ARM OpenStack API/Dashboard calls are very slow

Bug #1664764 reported by Raghuram Kota on 2017-02-14
14
This bug affects 1 person
Affects Status Importance Assigned to Milestone
horizon (Ubuntu)
Medium
Ryan Beisner

Bug Description

dann frazier (dannf) on 2016-12-23 :

I'm using openstack-base deployed on an arm64-only MAAS (xenial/newton). Both the CLI and dashboard are very slow to respond. CLI commands (e.g. nova list) take about 15s to complete. Logging into the dashboard takes more than 30s. 'top' shows plenty of available CPU/memory on the dashboard node.

Note: This isn't new - it is something we've observed with previous versions of Ubuntu OpenStack as well, but haven't yet gotten to the bottom of it.

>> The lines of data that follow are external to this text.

lemma adjoint_coeffs_bound:
  assumes T: "bounded_op T" and K: "\<forall>x\<in>l2. vnorm (T x) \<le> K * vnorm x" "K \<ge> 0" and y: "y \<in> l2"
  shows "(\<lambda>i. cinner (T (delta i)) y) \<in> l2 \<and> vnorm (\<lambda>i. cinner (T (delta i)) y) \<le> K * vnorm y"
proof -
  define g where "g = (\<lambda>i. cinner (T (delta i)) y)"
  have partial_sums: "(\<Sum>i\<in>J. (cmod (g i))\<^sup>2) \<le> (K * vnorm y)\<^sup>2" if "finite J" for J
    unfolding g_def by (rule adjoint_coeffs_partial_sums[OF T K y that])
  have summable: "(\<lambda>i. (cmod (g i))\<^sup>2) summable_on UNIV"
    by (rule nonneg_bdd_above_summable_on)
       (auto intro!: bdd_aboveI[where M = "(K * vnorm y)\<^sup>2"] partial_sums)
  have "(vnorm g)\<^sup>2 \<le> (K * vnorm y)\<^sup>2"
    unfolding vnorm_power2 by (rule infsum_le_finite_sums[OF summable partial_sums])
  then have "vnorm g \<le> K * vnorm y"
    by (rule power2_le_imp_le) (simp add: K(2))
  with summable show ?thesis
    unfolding g_def l2_iff_summable by blast
qed

lemma adjoint_coeffs_cinner:
  assumes T: "bounded_op T" and K: "\<forall>x\<in>l2. vnorm (T x) \<le> K * vnorm x" "K \<ge> 0"
    and x: "x \<in> l2" and y: "y \<in> l2"
  shows "cinner (T x) y = cinner x (\<lambda>i. cinner (T (delta i)) y)"
proof -
  define g where "g = (\<lambda>i. cinner (T (delta i)) y)"
  have g: "g \<in> l2" "vnorm g \<le> K * vnorm y"
    using adjoint_coeffs_bound[OF T K y] by (simp_all add: g_def)
  have "cmod (cinner (T x) y - cinner x g) \<le> (K * vnorm y + vnorm g) * sqrt \<epsilon>"
    if "0 < \<epsilon>" for \<epsilon>
  proof -
    obtain J where J: "finite J" and tail: "vnorm (\<lambda>i. if i \<in> J then 0 else x i) \<le> sqrt \<epsilon>"
      using l2_tail_small[OF x, of "sqrt \<epsilon>"] \<open>0 < \<epsilon>\<close> by auto
    define xJ where "xJ = (\<lambda>i. if i \<in> J then x i else 0)"
    define d where "d = (\<lambda>i. if i \<in> J then 0 else x i)"
    have xJ: "xJ \<in> l2" by (simp add: xJ_def l2_finite_support J)
    have d: "d \<in> l2" "vnorm d \<le> sqrt \<epsilon>"
      using l2_diff[OF x xJ] tail by (simp_all add: d_def xJ_def if_distrib cong: if_cong)
    have split: "x = (\<lambda>i. xJ i + d i)" by (simp add: xJ_def d_def fun_eq_iff)
    have "cinner (T xJ) y = cinner xJ g"
      unfolding xJ_def cinner_image_finite_support[OF T J y] cinner_finite_support[OF J] g_def ..
    then have "cinner (T x) y - cinner x g = cinner (T d) y - cinner d g"
      by (subst (1 2) split)
         (simp add: bounded_op_add[OF T xJ d(1)] cinner_add_left bounded_op_l2[OF T] xJ d y g)
    also have "cmod \<dots> \<le> vnorm (T d) * vnorm y + vnorm d * vnorm g"
      by (rule order_trans[OF norm_triangle_ineq4 add_mono])
         (intro cinner_cauchy_schwarz bounded_op_l2[OF T] y d g)+
    also have "\<dots> \<le> (K * vnorm d) * vnorm y + vnorm d * vnorm g"
      using K d by (simp add: mult_right_mono)
    also have "\<dots> = (K * vnorm y + vnorm g) * vnorm d" by (simp add: algebra_simps)
    also have "\<dots> \<le> (K * vnorm y + vnorm g) * sqrt \<epsilon>"
      using d K by (simp add: mult_left_mono)
    finally show ?thesis .
  qed
  then have "cinner (T x) y - cinner x g = 0"
    by (intro eq_0_if_norm_le_sqrt[where r = 1]) auto
  then show ?thesis by (simp add: g_def)
qed

lemma is_adjoint_exists:
  assumes T: "bounded_op T"
  shows "\<exists>S. is_adjoint T S"
proof -
  obtain K where K: "\<forall>x\<in>l2. vnorm (T x) \<le> K * vnorm x" "K \<ge> 0"
    using bounded_op_bound[OF T] by blast
  define S where "S = (\<lambda>y. if y \<in> l2 then (\<lambda>i. cinner (T (delta i)) y) else (\<lambda>i. 0))"
  have "bounded_op S"
  proof (rule bounded_opI)
    show "S y \<in> l2" "vnorm (S y) \<le> K * vnorm y" if "y \<in> l2" for y
      using adjoint_coeffs_bound[OF T K that] that by (simp_all add: S_def)
    show "S (\<lambda>i. c * x i + y i) = (\<lambda>i. c * S x i + S y i)" if "x \<in> l2" "y \<in> l2" for x y c
      using that l2_add[OF l2_scale[OF that(1)] that(2)]
      by (simp add: S_def cinner_add_right cinner_scale_right l2_scale l2_delta bounded_op_l2[OF T])
  qed (simp add: S_def)
  moreover have "\<forall>x\<in>l2. \<forall>y\<in>l2. cinner (T x) y = cinner x (S y)"
    using adjoint_coeffs_cinner[OF T K] by (simp add: S_def)
  ultimately show ?thesis
    unfolding is_adjoint_def by blast
qed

Raghuram Kota (rkota) wrote :

Ryan Beisner (1chb1n) wrote on 2017-01-26:

Without scientific data at this point, I can confirm that every CLI/API call I make on a freshly-deployed Xenial-Mitaka arm64 cloud is noticeably sluggish compared with x86 deploys, where the x86 machines are 6 years old, have 75% of the RAM, and less than half the advertised cores.

This is worth profiling without OpenStack in the mix.

I'd like to have HWCERT or Server Team or Kernel Team to provide system performance profiling methodology info (presuming there is an existing approach). Then I'd like to exercise that on these arm64 machines and the x86 machines, then compare to get baseline info (again, absent OpenStack).

@raghu: please see if you can gather info from other teams and direct that info here. TIA!

Raghuram Kota (rkota) wrote :

Ryan Beisner (1chb1n) wrote on 2017-01-26:

For example, this should not take 19s on a cloud with no tenants, no instances, 1 image, and light system resource allocation per-node:

`time glance image-list`
+--------------------------------------+--------+
| ID | Name |
+--------------------------------------+--------+
| 0d66c03c-fe4c-4d26-bfac-74ecb55735ab | xenial |
+--------------------------------------+--------+

real 0m19.580s
user 0m0.888s
sys 0m0.068s

.

`time nova list`
jenkins@juju-osci1-machine-6:~/temp/openstack-charm-testing$ time nova list
+----+------+--------+------------+-------------+----------+
| ID | Name | Status | Task State | Power State | Networks |
+----+------+--------+------------+-------------+----------+
+----+------+--------+------------+-------------+----------+

real 0m11.833s
user 0m1.028s
sys 0m0.076s

Raghuram Kota (rkota) wrote :

dann frazier (dannf) wrote on 2017-01-26: Re: [Bug 1652377] Re: API calls are very slow :

On Wed, Jan 25, 2017 at 6:31 PM, Ryan Beisner
<email address hidden> wrote:
> Without scientific data at this point, I can confirm that every CLI/API
> call I make on a freshly-deployed Xenial-Mitaka arm64 cloud is
> noticeably sluggish compared with x86 deploys, where the x86 machines
> are 6 years old, have 75% of the RAM, and less than half the advertised
> cores.
>
> This is worth profiling without OpenStack in the mix.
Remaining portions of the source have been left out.